**Provided information:**
______________________________

definition symbol_recoverable ::
  "nat \<Rightarrow> (nat \<Rightarrow> nat \<Rightarrow> 'a::field ^ 'm) \<Rightarrow> nat set \<Rightarrow> nat \<Rightarrow> nat \<Rightarrow> bool" where
  "symbol_recoverable b g R i j \<longleftrightarrow>
     (\<exists>c :: nat \<Rightarrow> nat \<Rightarrow> 'a. \<forall>x.
        code_entry g x i j = (\<Sum>k\<in>R. \<Sum>i'<b. c k i' * code_entry g x i' k))"

definition column_recoverable ::
  "nat \<Rightarrow> (nat \<Rightarrow> nat \<Rightarrow> 'a::field ^ 'm) \<Rightarrow> nat set \<Rightarrow> nat \<Rightarrow> bool" where
  "column_recoverable b g R j \<longleftrightarrow> (\<forall>i<b. symbol_recoverable b g R i j)"

definition node_locality :: "nat \<Rightarrow> nat \<Rightarrow> (nat \<Rightarrow> nat \<Rightarrow> 'a::field ^ 'm) \<Rightarrow> nat" where
  "node_locality n b g =
     (LEAST r. \<forall>j<n. \<exists>R. R \<subseteq> {..<n} - {j} \<and> card R \<le> r \<and> column_recoverable b g R j)"

definition symbol_locality :: "nat \<Rightarrow> nat \<Rightarrow> (nat \<Rightarrow> nat \<Rightarrow> 'a::field ^ 'm) \<Rightarrow> nat" where
  "symbol_locality n b g =
     (LEAST r. \<forall>j<n. \<forall>i<b. \<exists>R. R \<subseteq> {..<n} - {j} \<and> card R \<le> r \<and> symbol_recoverable b g R i j)"

text \<open>g is a generator of the array code whose columns are associated with the
elements of S, each exactly once: V enumerates S bijectively by {..<n}, and
g j 0, ..., g j (b-1) is a basis of V j.\<close>
definition array_code_of :: "nat \<Rightarrow> nat \<Rightarrow> ('a::field ^ 'm) set set \<Rightarrow>
    (nat \<Rightarrow> ('a ^ 'm) set) \<Rightarrow> (nat \<Rightarrow> nat \<Rightarrow> 'a ^ 'm) \<Rightarrow> bool" where
  "array_code_of n b S V g \<longleftrightarrow>
     bij_betw V {..<n} S \<and>
     (\<forall>j<n. inj_on (g j) {..<b} \<and> vec.independent (g j ` {..<b}) \<and>
            vec.span (g j ` {..<b}) = V j)"

end

theory Submission
  imports Defs "HOL-Algebra.Algebraic_Closure_Type"
begin

(* Fix a column j and a vector w outside its space V j; w lies in some other spread element V k.
   For v in V j the vector v - w lies in a spread element V l with l \<noteq> j, so v = w + (v - w) is
   recovered from the columns k and l. This gives two columns per symbol, and b + 1 columns for a
   whole column (k, plus one l per basis vector of V j). One column never suffices, because
   distinct spread elements meet only in 0.

   For the bound M / b, identify F_q^M with K^t, where K = F_(q^b) is realised as the set of fixed
   points of x \<mapsto> x ^ q ^ b in the algebraic closure of F_q and t = M / b, and take the
   Desarguesian spread of K-lines. For every K-line there are t other K-lines whose direction
   vectors span K^t, and every vector is a sum of vectors on these t lines. *)

definition is_subfield :: "'k::field set \<Rightarrow> bool" where
  "is_subfield P \<longleftrightarrow> 0 \<in> P \<and> 1 \<in> P \<and> (\<forall>x\<in>P. \<forall>y\<in>P. x + y \<in> P \<and> x * y \<in> P)
     \<and> (\<forall>x\<in>P. - x \<in> P \<and> inverse x \<in> P)"

definition is_subspace_over :: "'k::field set \<Rightarrow> 'k set \<Rightarrow> bool" where
  "is_subspace_over P V \<longleftrightarrow> 0 \<in> V \<and> (\<forall>x\<in>V. \<forall>y\<in>V. x + y \<in> V) \<and> (\<forall>c\<in>P. \<forall>x\<in>V. c * x \<in> V)"

definition lin_comb :: "(nat \<Rightarrow> 'k::field) \<Rightarrow> nat \<Rightarrow> (nat \<Rightarrow> 'k) \<Rightarrow> 'k" where
  "lin_comb \<beta> d c = (\<Sum>i<d. c i * \<beta> i)"

abbreviation coord_vectors :: "nat \<Rightarrow> 'k set \<Rightarrow> (nat \<Rightarrow> 'k) set" where
  "coord_vectors d P \<equiv> PiE {..<d} (\<lambda>_. P)"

______________________________

Please give the full set of data again exactly.

definition symbol_recoverable ::
  "nat \<Rightarrow> (nat \<Rightarrow> nat \<Rightarrow> 'a::field ^ 'm) \<Rightarrow> nat set \<Rightarrow> nat \<Rightarrow> nat \<Rightarrow> bool" where
  "symbol_recoverable b g R i j \<longleftrightarrow>
     (\<exists>c :: nat \<Rightarrow> nat \<Rightarrow> 'a. \<forall>x.
        code_entry g x i j = (\<Sum>k\<in>R. \<Sum>i'<b. c k i' * code_entry g x i' k))"

definition column_recoverable ::
  "nat \<Rightarrow> (nat \<Rightarrow> nat \<Rightarrow> 'a::field ^ 'm) \<Rightarrow> nat set \<Rightarrow> nat \<Rightarrow> bool" where
  "column_recoverable b g R j \<longleftrightarrow> (\<forall>i<b. symbol_recoverable b g R i j)"

definition node_locality :: "nat \<Rightarrow> nat \<Rightarrow> (nat \<Rightarrow> nat \<Rightarrow> 'a::field ^ 'm) \<Rightarrow> nat" where
  "node_locality n b g =
     (LEAST r. \<forall>j<n. \<exists>R. R \<subseteq> {..<n} - {j} \<and> card R \<le> r \<and> column_recoverable b g R j)"

definition symbol_locality :: "nat \<Rightarrow> nat \<Rightarrow> (nat \<Rightarrow> nat \<Rightarrow> 'a::field ^ 'm) \<Rightarrow> nat" where
  "symbol_locality n b g =
     (LEAST r. \<forall>j<n. \<forall>i<b. \<exists>R. R \<subseteq> {..<n} - {j} \<and> card R \<le> r \<and> symbol_recoverable b g R i j)"

text \<open>g is a generator of the array code whose columns are associated with the
elements of S, each exactly once: V enumerates S bijectively by {..<n}, and
g j 0, ..., g j (b-1) is a basis of V j.\<close>
definition array_code_of :: "nat \<Rightarrow> nat \<Rightarrow> ('a::field ^ 'm) set set \<Rightarrow>
    (nat \<Rightarrow> ('a ^ 'm) set) \<Rightarrow> (nat \<Rightarrow> nat \<Rightarrow> 'a ^ 'm) \<Rightarrow> bool" where
  "array_code_of n b S V g \<longleftrightarrow>
     bij_betw V {..<n} S \<and>
     (\<forall>j<n. inj_on (g j) {..<b} \<and> vec.independent (g j ` {..<b}) \<and>
            vec.span (g j ` {..<b}) = V j)"

end

theory Submission
  imports Defs "HOL-Algebra.Algebraic_Closure_Type"
begin

(* Fix a column j and a vector w outside its space V j; w lies in some other spread element V k.
   For v in V j the vector v - w lies in a spread element V l with l \<noteq> j, so v = w + (v - w) is
   recovered from the columns k and l. This gives two columns per symbol, and b + 1 columns for a
   whole column (k, plus one l per basis vector of V j). One column never suffices, because
   distinct spread elements meet only in 0.

   For the bound M / b, identify F_q^M with K^t, where K = F_(q^b) is realised as the set of fixed
   points of x \<mapsto> x ^ q ^ b in the algebraic closure of F_q and t = M / b, and take the
   Desarguesian spread of K-lines. For every K-line there are t other K-lines whose direction
   vectors span K^t, and every vector is a sum of vectors on these t lines. *)

definition is_subfield :: "'k::field set \<Rightarrow> bool" where
  "is_subfield P \<longleftrightarrow> 0 \<in> P \<and> 1 \<in> P \<and> (\<forall>x\<in>P. \<forall>y\<in>P. x + y \<in> P \<and> x * y \<in> P)
     \<and> (\<forall>x\<in>P. - x \<in> P \<and> inverse x \<in> P)"

definition is_subspace_over :: "'k::field set \<Rightarrow> 'k set \<Rightarrow> bool" where
  "is_subspace_over P V \<longleftrightarrow> 0 \<in> V \<and> (\<forall>x\<in>V. \<forall>y\<in>V. x + y \<in> V) \<and> (\<forall>c\<in>P. \<forall>x\<in>V. c * x \<in> V)"

definition lin_comb :: "(nat \<Rightarrow> 'k::field) \<Rightarrow> nat \<Rightarrow> (nat \<Rightarrow> 'k) \<Rightarrow> 'k" where
  "lin_comb \<beta> d c = (\<Sum>i<d. c i * \<beta> i)"

abbreviation coord_vectors :: "nat \<Rightarrow> 'k set \<Rightarrow> (nat \<Rightarrow> 'k) set" where
  "coord_vectors d P \<equiv> PiE {..<d} (\<lambda>_. P)"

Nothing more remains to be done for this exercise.